In document LA FUERZA DEL ESPÍRITU (página 196-200)

No hay un objeto tan feo que la luz intensa no lo haga bello.

Ralph Waldo EMERSON En esta frase de su plegaria san Francisco pide fuerza y capacidad para poner luz ante todos los que se sienten feos o perciben el mundo como un lugar oscuro y malvado. Como sugiere Emerson en la cita mencionada, la intensidad de tu luz puede hacer bella cualquier cosa. Cuando vives en la oscuridad estás inmerso en un mundo que no te permite ver la belleza que te rodea. Una de las cualidades más elevadas de las personas realizadas es su capacidad de ver belleza en todas partes y de extraer vida de esa belleza. «Déjame dar luz» es otra manera de decir déjame ilustrar mi presencia y mi actitud de que hay belleza en todo.

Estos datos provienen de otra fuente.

(* Assume the setting described in the context and suppose the event $\mathcal{E}$ holds. Let $\gamma\in(0,1)$, let $S\subseteq[n]$ with $|S|=k$ and $\|\mathbf{v}_S\|_2\ge\sqrt\gamma$, and let $\mathbf{w}^{(0)}$ be a unit eigenvector for the largest eigenvalue of $\hat{\boldsymbol{\Gamma}}_{S,S}$, zero-padded to $\mathbb{R}^n$. Then there is an absolute constant $C_1>0$ such that $$ \alpha_0:=|\langle\mathbf{w}^{(0)},\mathbf{v}\rangle|\ \ge\ \sqrt\gamma\sqrt{\Big(1-\frac{C_1(1+\theta)^2}{\theta^2\gamma^2}\cdot\frac{k\log n}{m}\Big)_+}, $$ where $(x)_+=\max\{x,0\}$. In particular, there are absolute constants $C>0$ and $c_0\in(0,1/2]$ such that if $m\ge C\frac{(1+\theta)^2}{\theta^2\gamma^2}k\log n$, then $\alpha_0\ge c_0\gamma$.
   Context: Let $n\ge 2$, $m\ge1$, $\theta>0$, $k\in[n]$; $\mathbf{v}\in\mathbb{R}^n$ a unit vector with at most $k$ nonzero entries; $\mathbf{x}_1,\dots,\mathbf{x}_m$ i.i.d. $\mathcal{N}(\mathbf{0},\mathbf{I}_n+\theta\mathbf{v}\mathbf{v}^\top)$; $\hat{\boldsymbol{\Gamma}}=\frac1m\sum_i\mathbf{x}_i\mathbf{x}_i^\top-\mathbf{I}_n$; $\mathbf{W}=\hat{\boldsymbol{\Gamma}}-\theta\mathbf{v}\mathbf{v}^\top$. $\mathbf{v}_S$ is the restriction of $\mathbf{v}$ to $S$, $\hat{\boldsymbol{\Gamma}}_{S,S}$ a principal submatrix, $\|\cdot\|_2$ Euclidean/spectral norm. Fix an absolute constant $C_0>0$; $\mathcal{E}$ is the event that $\|\mathbf{W}_{S,S}\|_2\le C_0(1+\theta)\sqrt{|S|\log n/m}$ for all nonempty $S\subseteq[n]$. (In the paper, $S$ is the final support $S^{(k)}$ of the SEP algorithm and $\mathbf{w}^{(0)}$ its output.) Absolute constants do not depend on $n,m,k,\theta,\mathbf{v},\gamma$. *)

theory Defs
  imports "HOL-Analysis.Analysis"
begin

text \<open>Vectors in R^n are functions nat => real (index set [n] = {0..<n});
  n x n matrices are functions nat => nat => real.\<close>

definition sub_opnorm :: "nat set \<Rightarrow> (nat \<Rightarrow> nat \<Rightarrow> real) \<Rightarrow> real" where
  "sub_opnorm S A =
     (SUP u \<in> {u :: nat \<Rightarrow> real. (\<Sum>j\<in>S. (u j)^2) \<le> 1}.
        sqrt (\<Sum>i\<in>S. (\<Sum>j\<in>S. A i j * u j)^2))"

definition Gamma_hat :: "nat \<Rightarrow> (nat \<Rightarrow> nat \<Rightarrow> real) \<Rightarrow> nat \<Rightarrow> nat \<Rightarrow> real" where
  "Gamma_hat m x i j = (\<Sum>l<m. x l i * x l j) / real m - (if i = j then 1 else 0)"

definition top_eigvec_sub :: "nat set \<Rightarrow> (nat \<Rightarrow> nat \<Rightarrow> real) \<Rightarrow> (nat \<Rightarrow> real) \<Rightarrow> bool" where
  "top_eigvec_sub S A w \<longleftrightarrow>
     (\<forall>i. i \<notin> S \<longrightarrow> w i = 0) \<and> (\<Sum>i\<in>S. (w i)^2) = 1 \<and>
     (\<exists>lam. (\<forall>i\<in>S. (\<Sum>j\<in>S. A i j * w j) = lam * w i) \<and>
        (\<forall>mu u. (\<exists>i\<in>S. u i \<noteq> 0) \<and> (\<forall>i\<in>S. (\<Sum>j\<in>S. A i j * u j) = mu * u i)
                 \<longrightarrow> mu \<le> lam))"

end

En muchos aspectos, poner luz donde hay oscuridad es una manera de dar una solución espiritual a un problema. La oscuridad simboliza la incapacidad de experimentar la verdadera naturaleza de nuestro mundo. Como describe John Keats en sus famosos versos: «La belleza es verdad; la verdad, belleza. Eso es lo único que se sabe en la tierra y lo único que has de saber». En la oscuridad uno ignora la belleza y la verdad, ya que son sinónimos. La decisión de poner luz donde hay oscuridad abre un mundo entero de apreciación de la belleza y te hace libre de cualquier mala interpretación de la vida como una experiencia oscura.

Tal vez recuerdas que he mencionado que todo es energía y que la luz representa la energía superior más rápida del espíritu, que anula las experiencias de oscuridad. La capacidad de hacer que la luz «aparezca» erradica las experiencias de oscuridad de tu vida y de las vidas de los que te rodean.

LA LUZ ES ENERGÍA

Todo vibra aunque tus sentidos te indiquen que algunas cosas son sólidas. La luz misma es una energía, una frecuencia muy rápida que se ajusta a las leyes espirituales que he citado a lo largo de este libro. Cuando pones las frecuencias superiores más rápidas frente a las vibraciones inferiores más lentas, los «proble- mas» se disuelven al instante porque la oscuridad no es más que la ausencia de

luz. Cuando introduces luz en una zona oscura, la oscuridad simplemente desaparece. Si entras en un lugar oscuro con una lámpara, la luz cae sobre todos los que están cerca de ti. No tienes que anunciar: «Ahí voy con la luz». Todos se dan cuenta automáticamente de la presencia de la luz y la oscuridad desaparece. Una vez más, un problema ya no es un problema cuando ponemos las vibraciones más rápidas y superiores del espíritu ante las ilusiones, incluida la ilusión de oscuridad.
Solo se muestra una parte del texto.